Pharmacokinetics of zidovudine in end-stage renal disease: influence of haemodialysis.

OBJECTIVE: To study the pharmacokinetics of zidovudine (ZDV) and its glucoronide metabolite (G-ZDV) in a patient with end-stage renal disease in haemodialysis.
DESIGN: Pharmacokinetics study performed during and between haemodialysis sessions.
METHODS: The patient was treated with oral ZDV (100 mg every 8 h). Concentrations of ZDV and G-ZDV were measured by radioimmunoassay. A monocompartmental model was used to calculate pharmacokinetic parameters.
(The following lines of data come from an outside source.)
(* In the changepoint model of the context, let $T_\ell:\mathbb X\to\mathbb R$ be measurable and integrable with respect to all $H_{ji}$, and set $H^{T_\ell}_{ji}=\int T_\ell(x)\,H_{ji}(dx)$. Then for $0<i\le n$, $$\mathbb E\big[T_\ell(X_i)\mathbf 1\{C_i=i\}\mid Y_{1:n}=y_{1:n}\big]=\sum_{j=i}^{n-1}H^{T_\ell}_{ij}\,\tilde c_{ij}\,\tilde q_{j+1}+H^{T_\ell}_{in}\,\tilde c_{in}.$$
   Context: Model: Let $n\ge 1$ and fix observed data $y_1,\dots,y_n$. Let $(\mathbb X,\mathcal X)$, $(\mathbb Y,\mathcal Y)$ be standard Borel spaces, $\psi$ a $\sigma$-finite measure on $(\mathbb Y,\mathcal Y)$, $\mathcal J$ a probability measure on $(\mathbb X,\mathcal X)$, and $q_{ji}\in[0,1]$ for $0\le j<i\le n$. The model consists of random variables $C_i\in\{0,\dots,i\}$, $X_i\in\mathbb X$, $Y_i\in\mathbb Y$, $i=1,\dots,n$, with joint law factorizing as: $P(C_1=0)=q_{01}$, $P(C_1=1)=1-q_{01}$; for $i\ge2$, $C_i$ depends on the past only through $C_{i-1}$, with $P(C_i=j\mid C_{i-1}=j)=q_{ji}$ and $P(C_i=i\mid C_{i-1}=j)=1-q_{ji}$ ($0\le j\le i-1$); $X_1\sim\mathcal J$ independent of $C_1$; for $i\ge 2$, $X_i$ depends on the past only through $(C_i,X_{i-1})$, with $X_i\sim\mathcal J$ if $C_i=i$ and $X_i=X_{i-1}$ if $C_i<i$; $Y_i$ depends on all other variables only through $X_i$, with density $p(Y_i=y\mid X_i=x)$ w.r.t. $\psi$. Assume $\int\prod_{\ell=j}^i p(Y_\ell=y_\ell\mid X_\ell=x)\,\mathcal J(dx)>0$ for all $0<j\le i\le n$. $Y_{a:b}=y_{a:b}$ abbreviates $Y_a=y_a,\dots,Y_b=y_b$. Notation: $H_{ji}=P(X_i\in\cdot\mid C_i=j,Y_{1:i}=y_{1:i})$; $\tilde c_{ji}=P(C_i=j\mid C_{i+1}=i+1,Y_{1:i}=y_{1:i})$ for $0<i<n$, and $\tilde c_{jn}=P(C_n=j\mid Y_{1:n}=y_{1:n})$; $\tilde q_i=P(C_i=i\mid Y_{1:n}=y_{1:n})$. *)

theory Defs
  imports "HOL-Probability.Probability"
begin

text \<open>A state at time i is the pair (C_i, X_i).
  The prior law of the path (C_1,X_1),...,(C_k,X_k) is a measure on functions
  nat => nat * 'x, extensional on {1..k}. The observations Y_i = y_i enter only
  through the likelihood prod_l p(Y_l = y_l | X_l = x); conditioning on
  Y_{1:i} = y_{1:i} is defined by Bayes' formula (density version).\<close>

definition cp_S :: "(nat \<times> 'x::topological_space) measure" where
  "cp_S = count_space UNIV \<Otimes>\<^sub>M borel"

definition cp_init :: "(nat \<Rightarrow> nat \<Rightarrow> real) \<Rightarrow> 'x::topological_space measure
    \<Rightarrow> (nat \<times> 'x) measure" where
  "cp_init q J = measure_pmf (bernoulli_pmf (q 0 1)) \<bind>
      (\<lambda>b. distr J cp_S (\<lambda>x. (if b then 0 else 1, x)))"

definition cp_step :: "(nat \<Rightarrow> nat \<Rightarrow> real) \<Rightarrow> 'x::topological_space measure
    \<Rightarrow> nat \<Rightarrow> nat \<times> 'x \<Rightarrow> (nat \<times> 'x) measure" where
  "cp_step q J i s = measure_pmf (bernoulli_pmf (q (fst s) i)) \<bind>
      (\<lambda>b. if b then return cp_S s else distr J cp_S (\<lambda>x. (i, x)))"

primrec cp_prior :: "(nat \<Rightarrow> nat \<Rightarrow> real) \<Rightarrow> 'x::topological_space measure
    \<Rightarrow> nat \<Rightarrow> (nat \<Rightarrow> nat \<times> 'x) measure" where
  "cp_prior q J 0 = return (PiM {} (\<lambda>_. cp_S)) (\<lambda>_. undefined)"
| "cp_prior q J (Suc k) = cp_prior q J k \<bind>
      (\<lambda>\<omega>. distr (if k = 0 then cp_init q J else cp_step q J (Suc k) (\<omega> k))
                 (PiM {1..Suc k} (\<lambda>_. cp_S)) (\<lambda>s. fun_upd \<omega> (Suc k) s))"

definition cp_C :: "nat \<Rightarrow> (nat \<Rightarrow> nat \<times> 'x) \<Rightarrow> nat" where
  "cp_C i \<omega> = fst (\<omega> i)"

definition cp_X :: "nat \<Rightarrow> (nat \<Rightarrow> nat \<times> 'x) \<Rightarrow> 'x" where
  "cp_X i \<omega> = snd (\<omega> i)"

definition cp_lik :: "('x \<Rightarrow> 'y \<Rightarrow> real) \<Rightarrow> (nat \<Rightarrow> 'y) \<Rightarrow> nat
    \<Rightarrow> (nat \<Rightarrow> nat \<times> 'x) \<Rightarrow> real" where
  "cp_lik p y i \<omega> = (\<Prod>l\<in>{1..i}. p (cp_X l \<omega>) (y l))"

text \<open>E[ f | B, Y_{1:i} = y_{1:i} ] for an event B of the (C,X)-path, computed
  with the prior law of the whole path (C,X)_{1:n}.\<close>
definition cp_condE :: "(nat \<Rightarrow> nat \<Rightarrow> real) \<Rightarrow> 'x::topological_space measure
    \<Rightarrow> ('x \<Rightarrow> 'y \<Rightarrow> real) \<Rightarrow> (nat \<Rightarrow> 'y) \<Rightarrow> nat \<Rightarrow> nat
    \<Rightarrow> ((nat \<Rightarrow> nat \<times> 'x) \<Rightarrow> real) \<Rightarrow> (nat \<Rightarrow> nat \<times> 'x) set \<Rightarrow> real" where
  "cp_condE q J p y n i f B =
     (\<integral>\<omega>. f \<omega> * indicator B \<omega> * cp_lik p y i \<omega> \<partial>cp_prior q J n)
     / (\<integral>\<omega>. indicator B \<omega> * cp_lik p y i \<omega> \<partial>cp_prior q J n)"

definition cp_condP :: "(nat \<Rightarrow> nat \<Rightarrow> real) \<Rightarrow> 'x::topological_space measure
    \<Rightarrow> ('x \<Rightarrow> 'y \<Rightarrow> real) \<Rightarrow> (nat \<Rightarrow> 'y) \<Rightarrow> nat \<Rightarrow> nat
    \<Rightarrow> (nat \<Rightarrow> nat \<times> 'x) set \<Rightarrow> (nat \<Rightarrow> nat \<times> 'x) set \<Rightarrow> real" where
  "cp_condP q J p y n i A B = cp_condE q J p y n i (indicator A) B"

text \<open>H_{ji} = P(X_i \<in> . | C_i = j, Y_{1:i} = y_{1:i}) as a measure on 'x.\<close>
definition cp_H :: "(nat \<Rightarrow> nat \<Rightarrow> real) \<Rightarrow> 'x::topological_space measure
    \<Rightarrow> ('x \<Rightarrow> 'y \<Rightarrow> real) \<Rightarrow> (nat \<Rightarrow> 'y) \<Rightarrow> nat \<Rightarrow> nat \<Rightarrow> nat \<Rightarrow> 'x measure" where
  "cp_H q J p y n j i =
     distr (density (cp_prior q J n)
              (\<lambda>\<omega>. ennreal (indicator {\<omega>. cp_C i \<omega> = j} \<omega> * cp_lik p y i \<omega>
                 / (\<integral>\<omega>'. indicator {\<omega>'. cp_C i \<omega>' = j} \<omega>' * cp_lik p y i \<omega>' \<partial>cp_prior q J n))))
           borel (cp_X i)"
RESULTS: The peak plasma concentrations of ZDV and G-ZDV after drug administration between haemodialysis sessions were 0.57 and 10.01 micrograms/ml, respectively. The half-lives of ZDV and G-ZDV rose to 3.2 and 14.2 h, respectively. The total body clearance for ZDV in the period between haemodialysis sessions (0.44 l/kg/h) was 66% lower than normal values. The ZDV half-life was normalized by haemodialysis, the total body clearance of ZDV increased (1.12 l/kg/h) and the G-ZDV half-life shortened (5.9-7.9 h). Neither G-ZDV accumulation nor derived ZDV toxicity occurred.
CONCLUSIONS: Our data suggest that ZDV is safe and an efficient drug when administered at a dosage of 100 mg three times daily in patients with end-stage renal disease in haemodialysis sessions, and that ZDV and G-ZDV are cleared by haemodialysis.